No Exterior, a reação à manobra de Morales veio pela voz da secretária de Estado dos Estados Unidos, Condoleezza Rice. “O continente precisa tomar cuidado com líderes demagogos e autoritários”, cravou. No Brasil, a primeira devolução em tom adequado ao tamanho do golpe da nacionalização partiu do presidente da Petrobras. “Estamos suspendendo qualquer possibilidade de investimento adicional na Bolívia”, afirmou Sérgio Gabrielli. Ele antecipou que não vai aceitar qualquer aumento de preço. Explicou que o contrato que a empresa assinou com o governo do país vizinho – e, na prática, foi rasgado por Morales – impede ações unilaterais, mas permite negociações sobre as condições de exportação, inclusive das fórmulas de preços. A Petrobras começou a operar na Bolívia em 1996, com pesquisas sísmicas. O gasoduto Bolívia-Brasil (Gasbol) foi inaugurado em 1999 e, em abril de 2000, no governo Fernando Henrique, foram assinados com o governo boliviano os contratos de venda de gás.
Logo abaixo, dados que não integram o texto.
lemma integral_u2_square_eq:
  assumes "continuous_on {0..1} u4"
  shows "integral {0..1} (\<lambda>s. (u2 s)^2) = integral {0..1} (\<lambda>s. u s * u4 s)"
proof -
  note c = continuous_on_derivs assms
  have "((\<lambda>s. u2 s * u2 s + u1 s * u3 s) has_integral (u1 1 * u2 1 - u1 0 * u2 0)) {0..1}"
    by (rule fundamental_theorem_of_calculus_within[where F="\<lambda>s. u1 s * u2 s"])
      (auto intro!: derivative_eq_intros deriv1 deriv2)
  moreover have "((\<lambda>s. u1 s * u3 s + u s * u4 s) has_integral (u 1 * u3 1 - u 0 * u3 0)) {0..1}"
    by (rule fundamental_theorem_of_calculus_within[where F="\<lambda>s. u s * u3 s"])
      (auto intro!: derivative_eq_intros deriv0 deriv3)
  moreover have "(\<lambda>s. u2 s * u2 s) integrable_on {0..1}" "(\<lambda>s. u1 s * u3 s) integrable_on {0..1}"
    "(\<lambda>s. u s * u4 s) integrable_on {0..1}"
    by (intro integrable_continuous_interval continuous_intros c)+
  ultimately have "integral {0..1} (\<lambda>s. u2 s * u2 s) + integral {0..1} (\<lambda>s. u1 s * u3 s) = 0"
    "integral {0..1} (\<lambda>s. u1 s * u3 s) + integral {0..1} (\<lambda>s. u s * u4 s) = 0"
    using boundary by (simp_all add: integral_add[symmetric] integral_unique)
  then show ?thesis by (simp add: power2_eq_square)
qed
Até então, o maior comprador de gás boliviano era a Argentina. A demanda brasileira é de 40 milhões de metros cúbicos por dia e, em 2010, vai chegar a 99,3 milhões de m3/dia. Para escapar do nacional-populismo de Morales, a Petrobras planeja aumentar a produção de gás no Brasil. Está investindo cerca de US$ 17 bilhões no aumento da produção no campo de Santos, num gasoduto adequado ao mercado brasileiro e na interligação da rede do Sudeste à do Nordeste. Além disso, a empresa está acelerando os estudos sobre o gás natural liquefeito (GNL), vindo de outros países. Mas, qualquer que seja a alternativa, vai demorar. “Não há solução de curtíssimo prazo”, avisa Gabrielli.

Os especialistas, entretanto, criticam duramente o fato de o governo ter permitido que o Brasil ficasse dependente de uma fonte única de abastecimento de gás natural. “Os investimentos na Bolívia são feitos há tempos, mas nessa gestão houve a massificação do uso do gás, inclusive por meio de congelamento de preços”, analisa o economista Adriano Pires, diretor da consultoria Centro Brasileiro de Infra-Estrutura. “Agora, criou-se a incerteza. Vai ter gás? Os preços vão subir?”, pergunta. Gabrielli prefere acreditar que as leis serão cumpridas. “Se isso não ocorrer, a alternativa seria, talvez, pensar em armas de destruição em massa na Bolívia e pedir o apoio do Exército brasileiro”, ironizou.